As a useful preliminary to the examination of details touching the question of Infection being the principal agent in the propagation of the Choleric Pestilence, we shall here take a rapid survey of the most prominent circumstances connected with the rise of the great Epidemic of 1817, and of its subsequent diffusion over the greater portion of the habitable world. Dr. Copland's account of its origin is as follows:

"Pestilential cholera first made its appearance in Jessore, a populous town in the centre of the Delta of the Ganges, and cut off the majority of those whom it attacked. It spread from the town in all directions, and reached Jaulnah, on the Madras side of the Indian peninsula, in June, 1818, and Bombay in August of the same year. It continued to spread and to prevail throughout all parts of India and the adjoining countries, and still prevails in many districts, although in various degrees of severity, &c., with intervals of complete immunity from its presence. Indeed, it may be said to have become naturalized in India, forming one of the diseases of the country."

He then tracks the subsequent course of the Pestilence in successive years; eastward to the Burmese empire, the kingdom of Siam, China, the Phillippine and other islands in the Indian Archipelago; and westward to Persia, Arabia, Syria, Judea and the Georgian frontiers of Russia. In 1823, it had reached Astracan on the banks of the Caspian; beyond which it did not extend for the present. For five or six years subsequently, we know little or nothing respecting its progress; the pestilence seems to have been lying dormant in the regions to the southward of this great inland sea. All that we can say, with any degree of certainty, is that, in 1829, it suddenly broke out with great violence at Orenburg, a Russian town on the Tartar frontier, about 400 miles north of the Caspian and about 1000 miles distant from the places where it had prevailed extensively in 1823. It is universally admitted that no satisfactory explanation ever has been given of the source or causes of the unexpected outbreak at Orenburg: this is a point which seems to be conceded by all who have enquired into the subject. The pestilence continued in that town until February 1830, after which time it seems to have entirely ceased for several months in the Russian territory.

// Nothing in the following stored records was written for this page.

(* Let $u_x$ be the value at a point $x$ of a curvature-type tensor on a Hermitian manifold $(M,g,J)$ with $u_x\ge0$, and suppose $u_x(\xi,\bar\xi,\eta,\bar\eta)=0$ for some $\xi,\eta\in T^{1,0}_xM$. Let $e_1,\dots,e_n$ be an orthonormal basis of $T^{1,0}_xM$. Then $$\sum_{i,j}\Big(u_x(\xi,\bar\xi,e_i,\bar e_j)u_x(e_j,\bar e_i,\eta,\bar\eta)-u_x(\xi,\bar e_i,\eta,\bar e_j)u_x(e_j,\bar\xi,e_i,\bar\eta)\Big)\ge0.$$
   Context: A Hermitian metric $g$ on a complex manifold $(M,J)$ is a $J$-invariant Riemannian metric extended complex-bilinearly to $T_{\mathbb C}M=T^{1,0}M\oplus T^{0,1}M$; orthonormality of $e_i$ is with respect to the Hermitian inner product $g(\cdot,\bar\cdot)$ on $T^{1,0}_xM$. A real tensor $u\in(T^*M)^{\otimes4}$ is of curvature type if $u(X,Y,Z,W)=-u(Y,X,Z,W)=-u(X,Y,W,Z)$ and $u(JX,JY,Z,W)=u(X,Y,JZ,JW)=u(X,Y,Z,W)$; it is extended complex-multilinearly. $u_x\ge0$ means $u_x(\xi,\bar\xi,\eta,\bar\eta)\ge0$ for all $\xi,\eta\in T^{1,0}_xM$. *)

theory Defs
  imports "HOL-Analysis.Analysis" "HOL-Library.Complex_Order"
begin

text \<open>A point x of the manifold is fixed; the real tangent space T_xM is modelled by a
finite-dimensional real vector space 'v.  Complexified vectors X + iY are pairs (X, Y).\<close>

type_synonym 'v cvec = "'v \<times> 'v"

definition cscale :: "complex \<Rightarrow> 'v::real_vector cvec \<Rightarrow> 'v cvec" where
  "cscale c A = (Re c *\<^sub>R fst A - Im c *\<^sub>R snd A, Re c *\<^sub>R snd A + Im c *\<^sub>R fst A)"

definition cconj :: "'v::real_vector cvec \<Rightarrow> 'v cvec" where
  "cconj A = (fst A, - snd A)"

definition cext :: "('v \<Rightarrow> complex) \<Rightarrow> 'v cvec \<Rightarrow> complex" where
  "cext f A = f (fst A) + \<i> * f (snd A)"

definition cext2 :: "('v \<Rightarrow> 'v \<Rightarrow> real) \<Rightarrow> 'v cvec \<Rightarrow> 'v cvec \<Rightarrow> complex" where
  "cext2 g A B = cext (\<lambda>a. cext (\<lambda>b. complex_of_real (g a b)) B) A"

definition cext4 :: "('v \<Rightarrow> 'v \<Rightarrow> 'v \<Rightarrow> 'v \<Rightarrow> real) \<Rightarrow> 'v cvec \<Rightarrow> 'v cvec \<Rightarrow> 'v cvec \<Rightarrow> 'v cvec \<Rightarrow> complex" where
  "cext4 u A B C D =
     cext (\<lambda>a. cext (\<lambda>b. cext (\<lambda>c. cext (\<lambda>d. complex_of_real (u a b c d)) D) C) B) A"

definition cJ :: "('v \<Rightarrow> 'v) \<Rightarrow> 'v cvec \<Rightarrow> 'v cvec" where
  "cJ J A = (J (fst A), J (snd A))"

In July, however, of this year, it appeared a second time at Astracan with intense malignity, destroying in twenty-seven days upwards of 4000 persons in the town, and of 21,000 persons in the province. It then ascended rapidly the Volga, and reached Moscow in September. It continued to spread westward and northward through Russia and Poland; also to Moldavia and Austria. In May 1831,* it reached Riga and Dantzig; in June and July, Petersburg and Cronstadt; in August, Berlin; subsequently Hamburgh, and at length, in October, it appeared upon our own shores at Sunderland. London was not visited until the second week of February in 1832. The disease appeared at Calais a month subsequently, and, a fortnight later, Paris was visited by the pestilence. In June of this year, it made its appearance at * In this year also, it prevailed in Egypt epidemically at Cairo, where it proved very destructive; also at Smyrna and Constantinople.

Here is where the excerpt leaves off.